All canonical-problem runs share one configuration (recorded in results.json → config):

item value
operator $A$ poisson_2d(32): 5-point Dirichlet Laplacian, $A = (\mathrm{kron}(d_1,I)+\mathrm{kron}(I,d_1))/h^2$, $h = 1/33$, $N = 1024$ (python/poisson.py lines 43–68; see 02-eigenvalues.md)
right-hand side $b$ grf_rhs(32, alpha=2.0, tau=3.0, seed=42) — standardized Gaussian random field, Matérn-like spectrum $(\vert k\vert ^2+\tau^2)^{-\alpha/2}$ (python/poisson.py lines 131–184; see 03-gaussian-random-fields.md). Seed 42 is held out from the NPO training seeds 100–139.
tolerance stop when $\Vert r_k\Vert /\Vert b\Vert \le 10^{-10}$
max iterations 2000
Nyström sketch seed 0
solvers pcg (Hestenes–Stiefel, Fletcher–Reeves $\beta$) and flexible_pcg (Notay 2000, Polak–Ribière $\beta$), python/pcg.py lines 15–81 and 84–141; see 04-krylov-and-pcg.md
iteration counting iterations = len(res_hist) - 1; res_hist[0] = 1.0 by convention (python/pcg.py lines 48–52)
reference solution scipy.sparse.linalg.spsolve(A.tocsc(), b); every converged run is checked against it
timing protocol wall_time_s is the solve loop only; setup_time_s is preconditioner construction, timed separately (python/experiments/run_all.py lines 82–94, 120–144)

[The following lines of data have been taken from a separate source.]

(* Let $a_1,\dots,a_n\in\mathbb{F}$ and $r_1,\dots,r_n\in\mathbb{Z}_+$ be such that $\Omega=\{(x-a_1)^{r_1},\dots,(x-a_n)^{r_n}\}\subseteq\mathbb{F}[x;\sigma,\delta]$ has size $n$. (1) If $\Omega$ is P-independent, then so is $\{(x-a_1)^{s_1},\dots,(x-a_n)^{s_n}\}$ for all $s_1,\dots,s_n\in\mathbb{Z}_+$ with $s_i\le r_i$ for all $i$. (2) If $\Omega$ is P-independent, then the set $\{a_1,\dots,a_n\}\subseteq\mathbb{F}$ has size $n$ and is P-independent.
   Context: Let $\mathbb{F}$ be a division ring, $\sigma$ a ring endomorphism of $\mathbb{F}$ and $\delta$ a $\sigma$-derivation; $\mathbb{F}[x;\sigma,\delta]$ is the skew polynomial ring with $xa=\sigma(a)x+\delta(a)$ (a domain with right Euclidean division). For a set $\Omega$ of skew polynomials, $I(\Omega)$ is the left ideal of skew polynomials right-divisible by every element of $\Omega$, $F_\Omega$ its monic generator of minimal degree (or $0$ if $I(\Omega)=\{0\}$). $\Omega$ is P-independent if it is finite, $I(\Omega)\ne\{0\}$ and $\deg F_\Omega=\sum_{P\in\Omega}\deg P$. A finite set $\{b_1,\dots,b_k\}\subseteq\mathbb{F}$ of distinct elements is P-independent if $\{x-b_1,\dots,x-b_k\}$ is. *)

theory Defs
  imports "HOL-Computational_Algebra.Polynomial"
begin

text \<open>Skew polynomials over a division ring, represented by their (left) coefficient
  sequences: a polynomial p stands for sum over i of (coeff p i) x^i, with coefficients
  on the left.  The multiplication is determined by x a = sigma(a) x + delta(a).\<close>

definition ring_endo :: "('a::division_ring \<Rightarrow> 'a) \<Rightarrow> bool" where
  "ring_endo \<sigma> \<longleftrightarrow> (\<forall>a b. \<sigma> (a + b) = \<sigma> a + \<sigma> b) \<and> (\<forall>a b. \<sigma> (a * b) = \<sigma> a * \<sigma> b) \<and> \<sigma> 1 = 1"

definition sigma_derivation :: "('a::division_ring \<Rightarrow> 'a) \<Rightarrow> ('a \<Rightarrow> 'a) \<Rightarrow> bool" where
  "sigma_derivation \<sigma> \<delta> \<longleftrightarrow> (\<forall>a b. \<delta> (a + b) = \<delta> a + \<delta> b) \<and>
      (\<forall>a b. \<delta> (a * b) = \<sigma> a * \<delta> b + \<delta> a * b)"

The variable-coefficient runs use variable_poisson_2d(32, contrast=100.0) — a harmonic-mean finite-volume discretization of $-\nabla!\cdot(a\nabla u)$ with $a = 1$ for $x < 0.5$ and $a = 100$ for $x \ge 0.5$ (python/poisson.py lines 71–128) — with the same GRF right-hand side.

2. The full method matrix

2.1 Canonical problem: poisson_2d(32), GRF RHS, tol $10^{-10}$

From results.json → canonical:

method iterations final relres solve wall [s] setup [s] relerr vs spsolve converged
CG (none) 116 6.667e-11 0.00117 5.40e-12 yes
CG (Jacobi) 116 6.667e-11 0.00119 ~0 5.40e-12 yes
CG (ILU, spilu defaults) 5 6.212e-13 0.000236 0.000996 8.17e-14 yes
CG (Nyström, rank 16) 123 9.518e-11 0.00184 0.000737 1.53e-11 yes
CG (Nyström, rank 64) 123 8.005e-11 0.00188 0.00418 9.76e-12 yes
CG (Nyström, rank 128) 122 7.727e-11 0.00200 0.0116 6.97e-12 yes
CG (Nyström, rank 256) 119 9.183e-11 0.00233 0.0238 2.54e-11 yes
FCG (NPO, Notay flexible) 30 7.162e-11 0.0277 0.00272 3.10e-11 yes
CG (NPO, plain PCG) 2000 9.653e-06 1.68 0.00272 6.65e-06 no

All methods, canonical problem

The figure (x-axis clipped at 200 iterations for readability; the plain-PCG NPO curve continues stalling to 2000) shows the four qualitative regimes at a glance:

  1. ILU drops nearly vertically — 5 iterations. spilu with default parameters on this small, well-structured matrix produces a nearly exact factorization, so each preconditioned residual is close to the true error and CG converges almost immediately.
  2. CG(none), CG(Jacobi), and all four Nyström ranks form a tight bundle around 116–123 iterations — the Nyström curves sit marginally right of plain CG (Section 5.2 explains why).
  3. FCG(NPO) cuts through the bundle at a visibly steeper slope: 30 iterations, a 3.87× iteration reduction over plain CG (npo_eval.json → speedup_fcg_vs_cg = 3.8666…).
  4. CG(NPO, plain) decays for a while, then flattens near $10^{-5}$ and never recovers — the deliberate negative control (Section 6, anomaly 3).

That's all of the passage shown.